The export regulations apply to business. In order for it to apply, there
needs to be proof of a business relationship. Simply being Iranian or having
non-business related communication with Iran, which is the only thing IP
geolocation on its own indicates, does not warrant invoking this law.

------
Danielalonso91
I'm always impressed by the real discussions that take place here in the HN
comments section. They're characterized by civility, respect, and intelligent
perspectives; great community to be a part of, for sure.

------
maze-le
Great time and reason to migrate to a self-hosted mattermost solution. Time
and time again these incidents show that centralized services cannot be
trusted with company service infrastructure.

------
revskill
This kind of treating user accounts and data like a Recycle Bin should be
abandoned.
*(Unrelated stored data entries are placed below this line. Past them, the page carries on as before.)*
(* Let $ABC$ be a nondegenerate triangle, let $P$ be a point not lying on any of the lines $BC$, $CA$, $AB$, and let $XYZ$ be a (nondegenerate) Miquel triangle of $P$ relative to $ABC$. (i) If $P$ lies in the interior of triangle $ABC$, then $P$ lies in the interior of triangle $XYZ$. (ii) If $P$ lies in the exterior of triangle $ABC$, then $P$ lies in the exterior of triangle $XYZ$.
   Context: Miquel triangle: given a triangle $ABC$ and a point $P$ not on the lines $BC,CA,AB$, a triangle $XYZ$ with $X$ on line $BC$, $Y$ on line $CA$, $Z$ on line $AB$ is called a Miquel triangle of $P$ relative to $ABC$ if $P$ lies on each of the three circles through $A,Y,Z$, through $B,Z,X$, and through $C,X,Y$ (the Miquel circles). The pedal triangle of $P$ is one such triangle, and all Miquel triangles of a fixed $P$ are similar to each other. *)

theory Defs
  imports "HOL-Analysis.Analysis"
begin

text \<open>Points of the Euclidean plane are modelled as complex numbers.
  A finite set of points is concyclic if some circle (positive radius) passes through all of them.\<close>

definition concyclic :: "complex set \<Rightarrow> bool" where
  "concyclic S \<longleftrightarrow> (\<exists>c r. r > 0 \<and> S \<subseteq> sphere c r)"

definition miquel_triangle ::
  "complex \<Rightarrow> complex \<Rightarrow> complex \<Rightarrow> complex \<Rightarrow> complex \<Rightarrow> complex \<Rightarrow> complex \<Rightarrow> bool" where
  "miquel_triangle A B C P X Y Z \<longleftrightarrow>
     X \<in> affine hull {B, C} \<and> Y \<in> affine hull {C, A} \<and> Z \<in> affine hull {A, B} \<and>
     concyclic {A, Y, Z, P} \<and> concyclic {B, Z, X, P} \<and> concyclic {C, X, Y, P}"

end

theory Submission
  imports Defs
begin

text \<open>Put \<open>P\<close> at the origin. A point \<open>x\<close> on the line \<open>bc\<close> is described by the cotangent \<open>t\<close> of
  the angle between \<open>b - c\<close> and \<open>x\<close>, and concyclicity of \<open>B, X, Z, P\<close> forces the parameters of
  \<open>X\<close> on \<open>BC\<close> and of \<open>Z\<close> on \<open>AB\<close> to agree. So, unless two vertices of \<open>XYZ\<close> are vertices of
  \<open>ABC\<close>, all three parameters equal one \<open>t\<close>, and then the signed areas of \<open>PYZ, PZX, PXY\<close> are
  positive multiples of \<open>D\<beta>\<gamma>, D\<gamma>\<alpha>, D\<alpha>\<beta>\<close>, where \<open>\<alpha>, \<beta>, \<gamma>\<close> are the signed areas of
  \<open>PBC, PCA, PAB\<close> and \<open>D = \<alpha> + \<beta> + \<gamma>\<close> that of \<open>ABC\<close>. If \<open>\<alpha>, \<beta>, \<gamma>\<close> have the sign of \<open>D\<close>, so
  have these products; if not, the products do not all have a common sign.
  In the remaining case \<open>XYZ = CAZ\<close>, with \<open>Z\<close> the second intersection of \<open>AB\<close> with the circle
  \<open>BCP\<close>, the argument goes through the power of \<open>P\<close> with respect to the circumcircle of \<open>ABC\<close>:
  it is negative if \<open>P\<close> is inside \<open>ABC\<close> and positive if \<open>P\<close> lies in a vertical angle of \<open>ABC\<close>,
  i.e. has two negative barycentric coordinates.\<close>

section \<open>Signed areas and barycentric signs\<close>

definition cross :: "complex \<Rightarrow> complex \<Rightarrow> real" where
  "cross u v = Re u * Im v - Im u * Re v"

lemma collinear_if_cross_eq_0:
  assumes "cross (y - x) (z - x) = 0"
  shows "collinear {x, y, z}"
proof (cases "y = x")
  case False
  have "Im ((z - x) / (y - x)) = 0"
    using assms False by (simp add: cross_def Im_divide field_simps)
  then have "collinear {0, y - x, z - x}"
    by (simp add: collinear_iff_Reals complex_is_Real_iff)
  moreover have "collinear {y, x, z} \<longleftrightarrow> collinear {0, y - x, z - x}"
    by (rule collinear_3) simp
  ultimately show ?thesis by (simp add: insert_commute)
qed simp

lemma cross_ne_0_if_not_collinear: "\<not> collinear {a, b, c} \<Longrightarrow> cross (b - a) (c - a) \<noteq> 0"
  using collinear_if_cross_eq_0 by blast

lemma not_collinear_imp_distinct: "\<not> collinear {a, b, c} \<Longrightarrow> a \<noteq> b \<and> b \<noteq> c \<and> c \<noteq> a"
  by (auto simp: insert_commute)

lemma cross_ne_0_if_notin_affine_hull:
  assumes "b \<noteq> c" "p \<notin> affine hull {b, c}"
  shows "cross (b - p) (c - p) \<noteq> 0"
proof
  assume "cross (b - p) (c - p) = 0"
  then have "cross (c - b) (p - b) = 0" by (simp add: cross_def algebra_simps)
  then have "collinear {b, c, p}" by (rule collinear_if_cross_eq_0)
  then show False using assms collinear_3_affine_hull by blast
qed

lemma cross_ne_0_if_off_sidelines:
  assumes "\<not> collinear {a, b, c}"
    and "0 \<notin> affine hull {b, c}" "0 \<notin> affine hull {c, a}" "0 \<notin> affine hull {a, b}"
  shows "cross b c \<noteq> 0" "cross c a \<noteq> 0" "cross a b \<noteq> 0"
  using cross_ne_0_if_notin_affine_hull[of _ _ 0] assms(2-4) not_collinear_imp_distinct[OF assms(1)]
  by auto

lemma affine_hull_2_complexE:
  assumes "x \<in> affine hull {b, c}"
  obtains v :: real where "x = b + of_real v * (c - b)"
proof -
  obtain u v where x: "x = u *\<^sub>R b + v *\<^sub>R c" and "u + v = 1"
    using assms by (auto simp: affine_hull_2)
  then have "u = 1 - v" by simp
  with x have "x = b + of_real v * (c - b)" by (simp add: scaleR_conv_of_real algebra_simps)
  then show thesis by (rule that)
qed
If you , Slack , could do whatever u like with the things you don't
create, you're a trash, too.

------
RadioSC
We have the same problem in Ukraine. Today many Ukrainian account was blocked
with the reason "originating from Crimea region of Ukraine". But they are not
from this regions ...

------
rrdharan
I wonder if this was one of the things that shook out as they started IPO
prep. I imagine there's some checklist provided by the banks they're working
with and this was on it?

------
cronix
Use a VPN? We Americans have to use them to get around dumb laws and help
protect our privacy, too. There is almost always a digital solution to digital
problems. Bypass them.

------
startupdiscuss
I think Slack is sending a clear and strong message: use a VPN!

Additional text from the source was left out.